I develop and maintain a large (500k+ LOC) WinForms app written in C# 2.0. It's multi-user and is currently deployed on about 15 machines. The development of the system is ongoing (can be thought of as a perpetual beta), and there's very little done to shield users from potential new bugs that might be introduced in a weekly build.
For this reason, among others, i've found myself becoming very reliant on edit-and-continue in the debugger. It helps not only with bug-hunting and bug-fixing, but in some cases with ongoing development as well. I find it extremely valuable to be able to execute newly-written code from within the context of a running application - there's no need to recompile and add a specific entry point to the new code (having to add dummy menu options, buttons, etc to the app and remembering to remove them before the next production build) - everything can be tried and tested in real-time without stopping the process.
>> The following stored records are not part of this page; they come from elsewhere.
(* Let $p,q\in\{y=0\}\subset\mathbb R^2$, $p\ne q$, $L=|p-q|$. For $\epsilon\in(0,1]$ let $\Upsilon_\epsilon\in H^2([0,L];\mathbb R^2)$ be a curve with constant speed $|\partial_x\Upsilon_\epsilon|\equiv\ell(\Upsilon_\epsilon)/L$, $\Upsilon_\epsilon(0)=p$, $\Upsilon_\epsilon(L)=q$, horizontal tangent at $x=0$ and $x=L$, and suppose there is $C>0$ with $\ell(\Upsilon_\epsilon)-|p-q|\le C\epsilon^{1/2}$ and $\epsilon^{1/2}\int_0^{\ell(\Upsilon_\epsilon)}\kappa_{\gamma_\epsilon}^2\,ds\le C$ for all $\epsilon$. Let $\theta_\epsilon\in H^1([0,L])$ be a lifting with $\partial_x\Upsilon_\epsilon=\frac{\ell(\Upsilon_\epsilon)}{L}(\cos\theta_\epsilon,\sin\theta_\epsilon)$, and let $\Phi(\theta)=\int_0^\theta2\sqrt{1-\cos\phi}\,d\phi$. Then $$\lim_{\epsilon\to0^+}\Big\|\frac{2\pi}{8\sqrt2}\partial_x(\Phi\circ\theta_\epsilon)-\partial_x\theta_\epsilon\Big\|_{\mathrm{flat},[0,L]}=0.$$ In particular, if $\epsilon_k\to0^+$ and $\omega\in M_{\mathrm{fin},\mathbb Z}([0,L])$ are such that $\|\kappa_{\Upsilon_{\epsilon_k}}-\omega\|_{\mathrm{flat},[0,L]}\to0$, then $\frac{2\pi}{8\sqrt2}\partial_x(\Phi\circ\theta_{\epsilon_k})\to\omega$ in the flat norm.
   Context: $\ell(\Upsilon)=\int_0^L|\partial_x\Upsilon|\,dx$; $\gamma_\epsilon$ is the arclength reparametrization of $\Upsilon_\epsilon$ and $\kappa_{\gamma_\epsilon}$ its curvature; $\kappa_{\Upsilon_\epsilon}=\frac{L}{\ell(\Upsilon_\epsilon)}\partial_x\theta_\epsilon$. $M_{\mathrm{fin},\mathbb Z}([0,L])$ is the set of measures $2\pi\sum_{j=1}^Nc_j\delta_{x_j}$ with $c_j\in\mathbb Z$, $0\le x_1<\dots<x_N\le L$. $\|\nu\|_{\mathrm{flat},[0,L]}=\sup\{\int\varphi\,d\nu:\varphi\in C^{0,1}([0,L]),\ \|\varphi\|_{L^\infty}+\mathrm{Lip}(\varphi)\le1\}$. *)

theory Defs
  imports "HOL-Analysis.Analysis"
begin

text \<open>f is absolutely continuous on [a,b] with (a.e.) derivative g, g in L^1([a,b]):
  f x = f a + integral of g over [a,x] for all x in [a,b]  (i.e. f in W^{1,1}, weak derivative g).\<close>
definition W11_deriv :: "real \<Rightarrow> real \<Rightarrow> (real \<Rightarrow> 'a::euclidean_space) \<Rightarrow> (real \<Rightarrow> 'a) \<Rightarrow> bool" where
  "W11_deriv a b f g \<longleftrightarrow> g absolutely_integrable_on {a..b} \<and>
     (\<forall>x\<in>{a..b}. (g has_integral (f x - f a)) {a..x})"

definition H1_deriv :: "real \<Rightarrow> real \<Rightarrow> (real \<Rightarrow> 'a::euclidean_space) \<Rightarrow> (real \<Rightarrow> 'a) \<Rightarrow> bool" where
  "H1_deriv a b f g \<longleftrightarrow> W11_deriv a b f g \<and> (\<lambda>x. (norm (g x))\<^sup>2) integrable_on {a..b}"

definition H2_derivs :: "real \<Rightarrow> real \<Rightarrow> (real \<Rightarrow> 'a::euclidean_space) \<Rightarrow> (real \<Rightarrow> 'a) \<Rightarrow> (real \<Rightarrow> 'a) \<Rightarrow> bool" where
  "H2_derivs a b f g1 g2 \<longleftrightarrow> H1_deriv a b f g1 \<and> H1_deriv a b g1 g2"

definition curve_length :: "real \<Rightarrow> (real \<Rightarrow> real \<times> real) \<Rightarrow> real" where
  "curve_length L V = integral {0..L} (\<lambda>x. norm (V x))"

definition Phi :: "real \<Rightarrow> real" where
  "Phi t = (if 0 \<le> t then integral {0..t} (\<lambda>u. 2 * sqrt (1 - cos u))
            else - integral {t..0} (\<lambda>u. 2 * sqrt (1 - cos u)))"

definition flat_test :: "real \<Rightarrow> (real \<Rightarrow> real) \<Rightarrow> bool" where
  "flat_test L \<phi> \<longleftrightarrow> (\<exists>M K. (\<forall>x\<in>{0..L}. \<bar>\<phi> x\<bar> \<le> M) \<and>
      (\<forall>x\<in>{0..L}. \<forall>y\<in>{0..L}. \<bar>\<phi> x - \<phi> y\<bar> \<le> K * \<bar>x - y\<bar>) \<and> M + K \<le> 1)"

text \<open>A (signed) measure nu on [0,L] is represented by its action phi \<mapsto> \<integral> phi d nu on test functions.\<close>
definition flat_norm :: "real \<Rightarrow> ((real \<Rightarrow> real) \<Rightarrow> real) \<Rightarrow> real" where
  "flat_norm L T = Sup {T \<phi> | \<phi>. flat_test L \<phi>}"

definition dens :: "real \<Rightarrow> (real \<Rightarrow> real) \<Rightarrow> (real \<Rightarrow> real) \<Rightarrow> real" where
  "dens L f = (\<lambda>\<phi>. integral {0..L} (\<lambda>x. \<phi> x * f x))"

definition atoms :: "nat \<Rightarrow> (nat \<Rightarrow> int) \<Rightarrow> (nat \<Rightarrow> real) \<Rightarrow> (real \<Rightarrow> real) \<Rightarrow> real" where
  "atoms N c xs = (\<lambda>\<phi>. 2 * pi * (\<Sum>j<N. of_int (c j) * \<phi> (xs j)))"

text \<open>Admissible data for an element of M_fin,Z([0,L]): 0 \<le> x_1 < ... < x_N \<le> L.\<close>
definition Mfin_data :: "real \<Rightarrow> nat \<Rightarrow> (nat \<Rightarrow> real) \<Rightarrow> bool" where
  "Mfin_data L N xs \<longleftrightarrow> (\<forall>j<N. 0 \<le> xs j \<and> xs j \<le> L) \<and> (\<forall>i j. i < j \<and> j < N \<longrightarrow> xs i < xs j)"

end

theory Submission
  imports Defs "HOL-Real_Asymp.Real_Asymp"
begin

text \<open>
  Put \<open>g t = 2\<pi>/(8\<surd>2) \<Phi>(t) - t\<close> (\<open>Phi_defect\<close>). Since \<open>\<Phi>\<close> gains \<open>8\<surd>2\<close> over each
  period \<open>2\<pi>\<close> and \<open>\<Phi>(\<pi>) = 4\<surd>2\<close>, \<open>g\<close> vanishes on \<open>\<pi>\<int>\<close>; as \<open>0 \<le> \<Phi>' \<le> 2\<surd>2\<close>, it is
  1-Lipschitz, hence \<open>|g t| \<le> 3 |sin t|\<close>. The measure in question is the derivative of
  \<open>g \<circ> \<theta>\<^sub>\<epsilon>\<close>, which vanishes at both ends because the tangent is horizontal there; integrating
  by parts against a 1-Lipschitz test function bounds its flat norm by \<open>\<integral>|g \<circ> \<theta>\<^sub>\<epsilon>|\<close>.
  If \<open>s\<close> is the constant speed, comparing the length \<open>s L\<close> with the chord \<open>L\<close> gives
  \<open>\<integral>(1 - \<sigma> cos \<theta>\<^sub>\<epsilon>) = L - L/s \<le> (s - 1) L \<le> C \<surd>\<epsilon>\<close>, where \<open>\<sigma> = \<plusminus>1\<close> is the direction
  of \<open>q - p\<close>; since \<open>sin\<^sup>2 \<le> 2(1 - \<sigma> cos)\<close>, AM-GM gives \<open>\<integral>|sin \<theta>\<^sub>\<epsilon>| = O(\<epsilon>\<^sup>1\<^sup>/\<^sup>4)\<close>. The second claim follows
  because \<open>s \<rightarrow> 1\<close>.
\<close>

section \<open>The function \<open>\<Phi>\<close>\<close>

definition Phi_integrand :: "real \<Rightarrow> real" where
  "Phi_integrand u = 2 * sqrt (1 - cos u)"

lemma continuous_on_Phi_integrand: "continuous_on S Phi_integrand"
  unfolding Phi_integrand_def by (intro continuous_intros)

lemma Phi_eq_integral_diff:
  assumes "0 \<le> R" "-R \<le> t"
  shows "Phi t = integral {-R..t} Phi_integrand - integral {-R..0} Phi_integrand"
proof (cases "0 \<le> t")
  case True
  have "integral {-R..0} Phi_integrand + integral {0..t} Phi_integrand = integral {-R..t} Phi_integrand"
    using assms True by (intro Henstock_Kurzweil_Integration.integral_combine
        integrable_continuous_interval continuous_on_Phi_integrand) auto
  with True show ?thesis by (simp add: Phi_def Phi_integrand_def[symmetric])
next
  case False
  have "integral {-R..t} Phi_integrand + integral {t..0} Phi_integrand = integral {-R..0} Phi_integrand"
    using assms False by (intro Henstock_Kurzweil_Integration.integral_combine
        integrable_continuous_interval continuous_on_Phi_integrand) auto
  with False show ?thesis by (simp add: Phi_def Phi_integrand_def[symmetric])
qed

lemma has_real_derivative_Phi: "(Phi has_real_derivative Phi_integrand t) (at t)"
proof -
  define R where "R = \<bar>t\<bar> + 1"
  have R: "0 \<le> R" "-R < t" "t < R"
    unfolding R_def by auto
  have "((\<lambda>x. integral {-R..x} Phi_integrand) has_real_derivative Phi_integrand t) (at t within {-R..R})"
    using R by (intro integral_has_real_derivative continuous_on_Phi_integrand) auto
  then have "((\<lambda>x. integral {-R..x} Phi_integrand - integral {-R..0} Phi_integrand)
      has_real_derivative Phi_integrand t) (at t)"
    using R by (auto simp: at_within_Icc_at intro!: derivative_eq_intros)
  then show ?thesis
    by (rule has_field_derivative_transform_within_open[where S = "{-R<..}"])
       (use R in \<open>auto simp: Phi_eq_integral_diff[of R]\<close>)
qed

lemma Phi_eq_cos_half:
  assumes "0 \<le> t" "t \<le> 2 * pi"
  shows "Phi t = 4 * sqrt 2 - 4 * sqrt 2 * cos (t / 2)"
proof -
  have "((\<lambda>u. 2 * sqrt 2 * sin (u / 2)) has_integral
      (- 4 * sqrt 2 * cos (t / 2)) - (- 4 * sqrt 2 * cos (0 / 2))) {0..t}"
    using assms by (intro fundamental_theorem_of_calculus)
      (auto intro!: derivative_eq_intros simp: has_real_derivative_iff_has_vector_derivative[symmetric])
  then have "((\<lambda>u. 2 * sqrt 2 * sin (u / 2)) has_integral 4 * sqrt 2 - 4 * sqrt 2 * cos (t / 2)) {0..t}"
    by simp
  moreover have "2 * sqrt 2 * sin (u / 2) = Phi_integrand u" if "u \<in> {0..t}" for u
  proof -
    have "0 \<le> sin (u / 2)"
      using that assms by (intro sin_ge_zero) auto
    then show ?thesis
      using cos_double_sin[of "u / 2"] by (simp add: Phi_integrand_def real_sqrt_mult)
  qed
  ultimately have "(Phi_integrand has_integral 4 * sqrt 2 - 4 * sqrt 2 * cos (t / 2)) {0..t}"
    by (rule has_integral_eq[rotated])
  with assms show ?thesis
    by (simp add: Phi_def Phi_integrand_def[symmetric] integral_unique)
qed

lemma Phi_add_2pi: "Phi (t + 2 * pi) = Phi t + 8 * sqrt 2"
proof -
  have "\<forall>x. ((\<lambda>t. Phi (t + 2 * pi) - Phi t) has_real_derivative 0) (at x)"
  proof
    fix x
    have "((\<lambda>t. Phi (t + 2 * pi) - Phi t) has_real_derivative
        Phi_integrand (x + 2 * pi) * 1 - Phi_integrand x) (at x)"
      by (intro derivative_intros DERIV_chain2[OF has_real_derivative_Phi] has_real_derivative_Phi)
        (auto intro!: derivative_eq_intros)
    then show "((\<lambda>t. Phi (t + 2 * pi) - Phi t) has_real_derivative 0) (at x)"
      by (simp add: Phi_integrand_def)
  qed
  from DERIV_isconst_all[OF this, of t 0] show ?thesis
    using Phi_eq_cos_half[of "2 * pi"] by (simp add: Phi_def)
qed

lemma Phi_add_2pi_mult: "Phi (t + 2 * pi * of_int k) = Phi t + 8 * sqrt 2 * of_int k"
proof (induction k rule: int_induct[where k = 0])
  case (step1 k)
  then show ?case
    using Phi_add_2pi[of "t + 2 * pi * of_int k"] by (simp add: algebra_simps)
next
  case (step2 k)
  then show ?case
    using Phi_add_2pi[of "t + 2 * pi * of_int (k - 1)"] by (simp add: algebra_simps)
qed simp

definition Phi_defect :: "real \<Rightarrow> real" where
  "Phi_defect t = 2 * pi / (8 * sqrt 2) * Phi t - t"

lemma Phi_defect_of_int_mult_pi: "Phi_defect (of_int k * pi) = 0"
proof -
  have "Phi (of_int k * pi) = 4 * sqrt 2 * of_int k"
  proof (cases "even k")
    case True
    then obtain m where "k = 2 * m" by blast
    then show ?thesis
      using Phi_add_2pi_mult[of 0 m] by (simp add: Phi_def algebra_simps)
  next
    case False
    then obtain m where "k = 2 * m + 1" by (metis oddE)
    then show ?thesis
      using Phi_add_2pi_mult[of pi m] Phi_eq_cos_half[of pi] by (simp add: algebra_simps)
  qed
  then show ?thesis
    by (simp add: Phi_defect_def field_simps)
qed

lemma Phi_defect_lipschitz: "\<bar>Phi_defect a - Phi_defect b\<bar> \<le> \<bar>a - b\<bar>"
proof -
  define c where "c = 2 * pi / (8 * sqrt 2)"
  have "(Phi_defect has_field_derivative c * Phi_integrand t - 1) (at t within UNIV)" for t
    unfolding Phi_defect_def c_def by (intro DERIV_diff DERIV_cmult has_real_derivative_Phi DERIV_ident)
  moreover have "norm (c * Phi_integrand t - 1) \<le> 1" for t
  proof -
    have "Phi_integrand t \<le> 2 * sqrt 2"
      unfolding Phi_integrand_def by (simp add: real_sqrt_le_mono)
    moreover have "c * (2 * sqrt 2) = pi / 2"
      by (simp add: c_def field_simps)
    ultimately have "c * Phi_integrand t \<le> pi / 2"
      using mult_left_mono[of "Phi_integrand t" "2 * sqrt 2" c] by (simp add: c_def)
    moreover have "0 \<le> c * Phi_integrand t"
      by (simp add: c_def Phi_integrand_def)
    ultimately show ?thesis
      using pi_half_less_two by simp
  qed
  ultimately show ?thesis
    using field_differentiable_bound[of UNIV Phi_defect "\<lambda>t. c * Phi_integrand t - 1" 1 a b] by simp
qed

lemma le_3_sin:
  assumes "0 \<le> s" "s \<le> pi / 2"
  shows "s \<le> 3 * sin s"
proof (cases "s \<le> pi / 3")
  case True
  have "(\<lambda>x. sin x - x / 2) 0 \<le> (\<lambda>x. sin x - x / 2) s"
  proof (rule DERIV_nonneg_imp_nondecreasing[OF assms(1)])
    fix x assume x: "0 \<le> x" "x \<le> s"
    have "cos (pi / 3) \<le> cos x"
      using x True by (intro cos_monotone_0_pi_le) auto
    then show "\<exists>y. ((\<lambda>x. sin x - x / 2) has_real_derivative y) (at x) \<and> 0 \<le> y"
      by (intro exI[of _ "cos x - 1 / 2"]) (auto intro!: derivative_eq_intros simp: cos_60)
  qed
  then show ?thesis
    using assms by simp
next
  case False
  have "sin (pi / 3) \<le> sin s"
    using False assms by (intro sin_monotone_2pi_le) auto
  moreover have "4 / 3 \<le> sqrt 3"
    by (rule real_le_rsqrt) (simp add: power2_eq_square)
  ultimately show ?thesis
    using assms pi_half_less_two by (simp add: sin_60)
qed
I hold edit-and-continue in such high regard that I actively write code to be fully-compatible with it. For example, I avoid:
Anonymous methods and inline delegates (unless completely impossible to rewrite)
Generic methods (except in stable, unchanging utility code)
Targeting projects at 'Any CPU' (i.e. never executing in 64-bit)
Initializing fields at the point of declaration (initialisation is moved to the constructor)
Writing enumerator blocks that use yield (except in utility code)
Now, i'm fully aware that the new language features in C# 3 and 4 are largely incompatible with edit-and-continue (lambda expressions, LINQ, etc). This is one of the reasons why i've resisted moving the project up to a newer version of the Framework.
My question is whether it is good practice to avoid using these more advanced constructs in favor of code that is very, very easy to debug? Is there legitimacy in this sort of development, or is it wasteful? Also, importantly, do any of these constructs (lambda expressions, anonymous methods, etc) incur performance/memory overheads that well-written, edit-and-continue-compatible code could avoid? ...or do the inner workings of the C# compiler make such advanced constructs run faster than manually-written, 'expanded' code?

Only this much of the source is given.